The first important step to apply linear regression is to define the cost function.
Cost function will tell us how well/how fit the model is doing.
We should look for more suitable w and b values based on the result.
We are going to want to find values of w and b that make the cost function small.
Our aim is to get minimum cost.

m : number of training example
y : output variable in the training set
y^ : prediction
y – y^ ==> error
(y- y^)2 ==> squared error

Squared error cost function is by far the most commonly used one for linear regression.

J(w,b) Average Squared Error
import numpy as np
import matplotlib.pyplot as plt

x_train = np.array([1.0, 1.7, 2.0, 2.5, 3.0, 3.2])
y_train = np.array([250, 300, 480,  430,   630, 730,])

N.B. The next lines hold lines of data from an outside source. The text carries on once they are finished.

lemma shadow_dist_edge:
  assumes diam: "\<forall>x\<in>VJ. \<forall>y\<in>VJ. gdist EJ x y \<le> 2"
    and i: "i \<in> I" and edge: "amal_edge c c'"
  shows "shadow_dist i v c \<le> shadow_dist i v c' + 1"
proof (cases "c \<in> emb i ` V i"; cases "c' \<in> emb i ` V i")
  assume "c \<in> emb i ` V i" "c' \<in> emb i ` V i"
  then obtain w w' where "w \<in> V i" "w' \<in> V i" "c = emb i w" "c' = emb i w'" by blast
  then show ?thesis
    using edge gdist_edge_le amal_edge_emb_iff[OF i] by (simp add: shadow_dist_emb i)
next
  assume c: "c \<in> emb i ` V i" and c': "c' \<notin> emb i ` V i"
  then obtain w where w: "w \<in> V i" "c = emb i w" by blast
  then obtain y where y: "y \<in> VJ" "w = \<iota> i y"
    using amal_edge_leaving[OF i _ c'] edge by blast
  have shadow_c: "shadow_dist i v c = gdist (E i) (\<iota> i y) v"
    using w y by (simp add: shadow_dist_emb i)
  obtain x where x: "x \<in> VJ" "(INF x\<in>VJ. gdist (E i) (\<iota> i x) v) = gdist (E i) (\<iota> i x) v"
    using enat_INF_attained[of VJ] y(1) by blast
  have "gdist (E i) (\<iota> i y) v \<le> gdist (E i) (\<iota> i y) (\<iota> i x) + gdist (E i) (\<iota> i x) v"
    by (rule gdist_triangle)
  also have "\<dots> \<le> 2 + gdist (E i) (\<iota> i x) v"
    using gdist_iota_le[OF i, of y x] diam x(1) y(1) by (auto intro: add_right_mono order_trans)
  also have "\<dots> = shadow_dist i v c' + 1"
    using c' x(2) by (simp add: shadow_dist_def ac_simps flip: one_add_one)
  finally show ?thesis using shadow_c by simp
next
  assume c: "c \<notin> emb i ` V i" and c': "c' \<in> emb i ` V i"
  then obtain w' where w': "w' \<in> V i" "c' = emb i w'" by blast
  then obtain y where y: "y \<in> VJ" "w' = \<iota> i y"
    using amal_edge_leaving[OF i _ c] amal_edge_sym[OF edge] by blast
  have "shadow_dist i v c' = gdist (E i) (\<iota> i y) v"
    using w' y by (simp add: shadow_dist_emb i)
  moreover have "(INF x\<in>VJ. gdist (E i) (\<iota> i x) v) \<le> gdist (E i) (\<iota> i y) v"
    using y(1) by (rule INF_lower)
  ultimately show ?thesis
    using c by (simp add: shadow_dist_def add_right_mono)
next
  assume "c \<notin> emb i ` V i" "c' \<notin> emb i ` V i"
  then show ?thesis by (simp add: shadow_dist_def)
qed
lemma Even_commute:
  assumes "(y::'k::field linop) \<in> Even"
  shows "(x::'k linop) \<in> Even \<Longrightarrow> y * x = x * y" and "(z::'k linop) \<in> Odd \<Longrightarrow> y * z = z * y"
proof (induction x and z rule: Even_Odd.inducts)
  case (Even_add a b) show ?case using Even_add.IH by (rule commute_add)
next case (Odd_add a b) show ?case using Odd_add.IH by (rule commute_add)
next case (Even_mult a b) show ?case using Even_mult.IH by (rule commute_mult)
next case (Even_mult_Odd a b) show ?case using Even_mult_Odd.IH by (rule commute_mult)
next case (Odd_mult_Even_Odd a b) show ?case using Odd_mult_Even_Odd.IH by (rule commute_mult)
next case (Odd_mult_Odd_Even a b) show ?case using Odd_mult_Odd_Even.IH by (rule commute_mult)
qed (simp_all add: scalar_commute mult_t_commute_Even_Odd(1)[OF assms]
      mult_e_supercommute_Even_Odd(1)[OF assms])

lemma Odd_supercommute:
  assumes "(y::'k::field linop) \<in> Odd"
  shows "(x::'k linop) \<in> Even \<Longrightarrow> y * x = x * y" and "(z::'k linop) \<in> Odd \<Longrightarrow> y * z = - (z * y)"
proof (induction x and z rule: Even_Odd.inducts)
  case (Even_add a b) show ?case using Even_add.IH by (rule commute_add)
next case (Odd_add a b) show ?case using Odd_add.IH by (rule anticommute_add)
next case (Even_mult a b) show ?case using Even_mult.IH by (rule commute_mult)
next case (Even_mult_Odd a b) show ?case using Even_mult_Odd.IH by (rule anticommute_mult)
next case (Odd_mult_Even_Odd a b) show ?case using Odd_mult_Even_Odd.IH by (rule commute_anticommute_mult)
next case (Odd_mult_Odd_Even a b) show ?case using Odd_mult_Odd_Even.IH by (rule anticommute_commute_mult)
qed (use mult_t_commute_Even_Odd(2)[OF assms] mult_e_supercommute_Even_Odd(2)[OF assms] in
      \<open>simp_all add: scalar_commute\<close>)
lemma mixed_amalgamation_imp_saturated:
  assumes saB: "semi_algebroidal B r" and F_pres_small: "preserves_smallness_wrt A B C Fo Go Gm r"
    and univ: "universal K (\<lambda>P. P \<in> Obj K) (U, u, T)"
    and homog: "homogeneous K (small K r) (U, u, T)"
    and small_comma: "\<And>X Y c. small A r X \<Longrightarrow> small B r Y \<Longrightarrow> c \<in> Hom C (Fo X) (Go Y) \<Longrightarrow>
      small K r (X, c, Y)"
    and mix: "mixed_amalgamation A B C Fo Fm Go Gm (small A r) (small B r)"
  shows "saturated A (small A r) U"
  unfolding saturated_def
proof (intro allI impI)
  have u: "u \<in> Hom C (Fo U) (Go T)" and U: "U \<in> Obj A" and T: "T \<in> Obj B"
    using univ unfolding universal_def by (simp_all add: comma_Obj)
  obtain H M p where ch: "chain B r H M" and H: "\<And>i. i \<in> Field r \<Longrightarrow> small B r (H i)"
    and lim: "limiting_cocone B r H M T p"
    using semi_algebroidal_presentation[OF saB T] by blast
  have co: "cocone B r H M T p" using limiting_cocone_cocone[OF lim] .
  fix X Y f g
  assume "small A r X \<and> small A r Y \<and> f \<in> Hom A X U \<and> g \<in> Hom A X Y"
  then have X: "small A r X" and Y: "small A r Y" and f: "f \<in> Hom A X U" and g: "g \<in> Hom A X Y" by auto
  have "u \<cdot> Fm f \<in> Hom C (Fo X) (Go T)" using category_comp_hom[OF catC functor_hom[OF F f] u] .
  then obtain j c where j: "j \<in> Field r" and c: "c \<in> Hom C (Fo X) (Go (H j))" "Gm (p j) \<cdot> c = u \<cdot> Fm f"
    using F_pres_small ch lim X unfolding preserves_smallness_wrt_def by blast
  obtain T2 k b where T2: "small B r T2" and k: "k \<in> Hom B (H j) T2" and b: "b \<in> Hom C (Fo Y) (Go T2)"
    and bk: "b \<cdot> Fm g = Gm k \<cdot> c"
    using mix X Y H[OF j] g c(1) unfolding mixed_amalgamation_def by blast
  obtain y t where y: "y \<in> Hom A Y U" and t: "t \<in> Hom B T2 T" and yt: "u \<cdot> Fm y = Gm t \<cdot> b"
    using universal_comma_hom[OF univ] small_obj[OF Y] small_obj[OF T2] b by (metis comma_Obj)
  have "u \<cdot> Fm (Comp A y g) = Gm t \<cdot> b \<cdot> Fm g"
    using functor_comp[OF F g y] assocC[OF functor_hom[OF F g] functor_hom[OF F y] u] yt by simp
  also have "\<dots> = Gm (Comp B t k) \<cdot> c"
    using assocC[OF functor_hom[OF F g] b functor_hom[OF G t]] bk
      assocC[OF c(1) functor_hom[OF G k] functor_hom[OF G t]] functor_comp[OF G k t] by simp
  finally have m1: "((X, c, H j), (Comp A y g, Comp B t k), (U, u, T)) \<in> Hom K (X, c, H j) (U, u, T)"
    unfolding comma_Hom
    using small_obj[OF X] small_obj[OF H[OF j]] c(1) U T u
      category_comp_hom[OF catA g y] category_comp_hom[OF catB k t] by simp
  have m2: "((X, c, H j), (f, p j), (U, u, T)) \<in> Hom K (X, c, H j) (U, u, T)"
    unfolding comma_Hom using small_obj[OF X] small_obj[OF H[OF j]] c U T u f cocone_hom[OF co j] by simp
  obtain s where s: "s \<in> Hom A U U" "Comp A s (Comp A y g) = f"
    using homogeneous_arr_fst[OF homog small_comma[OF X H[OF j] c(1)] m1 m2]
    unfolding comma_arr_fst_def by auto
  then have "Comp A (Comp A s y) g = f"
    using category_assoc[OF catA g y s(1)] by simp
  then show "\<exists>h \<in> Hom A Y U. Comp A h g = f" using category_comp_hom[OF catA y s(1)] by blast
qed
subsection \<open>Points of pMO(A)\<close>

lemma is_pointD:
  assumes "is_point smc star \<tau>"
  shows point_site_el: "x \<in> \<tau> \<Longrightarrow> x \<in> site_el smc star"
    and point_nonempty: "\<tau> \<noteq> {}"
    and point_up_closed: "x \<in> \<tau> \<Longrightarrow> y \<in> site_el smc star \<Longrightarrow> site_le smc x y \<Longrightarrow> y \<in> \<tau>"
    and point_directed: "x \<in> \<tau> \<Longrightarrow> y \<in> \<tau> \<Longrightarrow> \<exists>z\<in>\<tau>. site_le smc z x \<and> site_le smc z y"
    and point_covers: "x \<in> \<tau> \<Longrightarrow> S \<subseteq> site_el smc star \<Longrightarrow> covers x S \<Longrightarrow> S \<inter> \<tau> \<noteq> {}"
  using assms unfolding is_point_def by blast+

lemma point_el:
  assumes "is_point smc star \<tau>" "(C, u) \<in> \<tau>"
  shows "C \<in> CA smc star" "openin (SpecTop smc C) u"
  using point_site_el[OF assms] unfolding site_el_def by auto

lemma point_restr_up:
  assumes "is_point smc star \<tau>" "(D, v) \<in> \<tau>" "C \<in> CA smc star" "C \<subseteq> D"
    and "openin (SpecTop smc C) u" "v \<subseteq> {\<sigma> \<in> Spec smc D. restr C \<sigma> \<in> u}"
  shows "(C, u) \<in> \<tau>"
  using point_up_closed[OF assms(1,2)] assms(3-6) by (simp add: site_el_def site_le_def)

lemma point_top:
  assumes "is_point smc star \<tau>" "(C, u) \<in> \<tau>"
  shows "(C, Spec smc C) \<in> \<tau>"
proof -
  have "u \<subseteq> {\<sigma> \<in> Spec smc C. restr C \<sigma> \<in> Spec smc C}"
    using openin_subset[OF point_el(2)[OF assms]] restr_Spec_self by fastforce
  then show ?thesis
    using point_restr_up[OF assms point_el(1)[OF assms] order_refl openin_SpecTop_Spec] by blast
qed

text \<open>The fibre of a point over a context C is a completely prime filter of opens of Sigma(C).\<close>
lemma point_fiber_Int:
  assumes "is_point smc star \<tau>" "(C, u) \<in> \<tau>" "(C, v) \<in> \<tau>"
  shows "(C, u \<inter> v) \<in> \<tau>"
proof -
  obtain E w where w: "(E, w) \<in> \<tau>" "site_le smc (E, w) (C, u)" "site_le smc (E, w) (C, v)"
    using point_directed[OF assms] by auto
  then have "C \<subseteq> E" "w \<subseteq> {\<sigma> \<in> Spec smc E. restr C \<sigma> \<in> u \<inter> v}"
    by (auto simp: site_le_def)
  then show ?thesis
    using point_restr_up[OF assms(1) w(1) point_el(1)[OF assms(1,2)]]
      openin_Int[OF point_el(2)[OF assms(1,2)] point_el(2)[OF assms(1,3)]] by blast
qed

text \<open>The empty family covers (C, {}), so no point contains it.\<close>
lemma point_fiber_empty:
  assumes "is_point smc star \<tau>"
  shows "(C, {}) \<notin> \<tau>"
  using point_covers[OF assms, of "(C, {})" "{}"] by (auto simp: covers_def)

lemma point_fiber_prime:
  assumes "is_point smc star \<tau>" "(C, u) \<in> \<tau>"
    and "\<And>v. v \<in> V \<Longrightarrow> openin (SpecTop smc C) v" "u \<subseteq> \<Union>V"
  shows "\<exists>v\<in>V. (C, v) \<in> \<tau>"
proof -
  have "Pair C ` V \<subseteq> site_el smc star"
    using assms(3) point_el(1)[OF assms(1,2)] by (auto simp: site_el_def)
  moreover have "{v. (C, v) \<in> Pair C ` V} = V"
    by auto
  then have "covers (C, u) (Pair C ` V)"
    using assms(4) by (simp add: covers_def)
  ultimately show ?thesis
    using point_covers[OF assms(1,2)] by blast
qed

text \<open>Hence, by soberness of Sigma(C), the fibre is the neighbourhood filter of a unique character.\<close>
lemma point_fiber_nbhds:
  assumes "is_point smc star \<tau>" "(C, u) \<in> \<tau>"
  shows "\<exists>!\<sigma>. \<sigma> \<in> Spec smc C \<and> {u. (C, u) \<in> \<tau>} = open_nbhds (SpecTop smc C) \<sigma>"
  using Hausdorff_completely_prime_filter_unique_nbhds[of "SpecTop smc C" "{u. (C, u) \<in> \<tau>}" u,
      OF Hausdorff_SpecTop]
    point_el(2)[OF assms(1)] assms(2) point_fiber_Int[OF assms(1)] point_fiber_empty[OF assms(1)]
    point_fiber_prime[OF assms(1)]
  by simp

#try to find optimal values. it will minimize cost.
w = 210
b = 2

def compute_cost(x_train, y_train, w, b):
    m = x_train.shape[0]
    prediction = np.zeros(m)
    cost =0
    #model f(x) = wx + b
    for i in range(m):
        prediction[i] = w*x_train[i] + b
        cost += (prediction[i] - y_train[i])**2
    averageCost = cost / (2*m)
    return averageCost, prediction

cost, prediction = compute_cost(x_train,y_train,w,b)

print(cost)
plt.plot(x_train, prediction, c="b", label = "Our Prediction")
plt.scatter(x_train, y_train, c="r", marker="x", label = "Actual Values")
plt.title("House Pricing")
plt.xlabel("Size")
plt.ylabel("Price")
plt.legend()
plt.show()
Linear Regression with one variable

How the cost function can be used to find the best parameters for your model?
Gradient Descent Algorithm is used to automatically find the values of parameters w and b that give you the best fit line. It aims to minimize the cost function J.

For linear regression with the Squared Error cost function, you always end up with a bowl shape.

Gradient Descent helps you go down hill.

  • look around, choose direction to take a baby step
  • take a tiny baby step
  • until you find yourself at the bottom of this valley (at local minimum)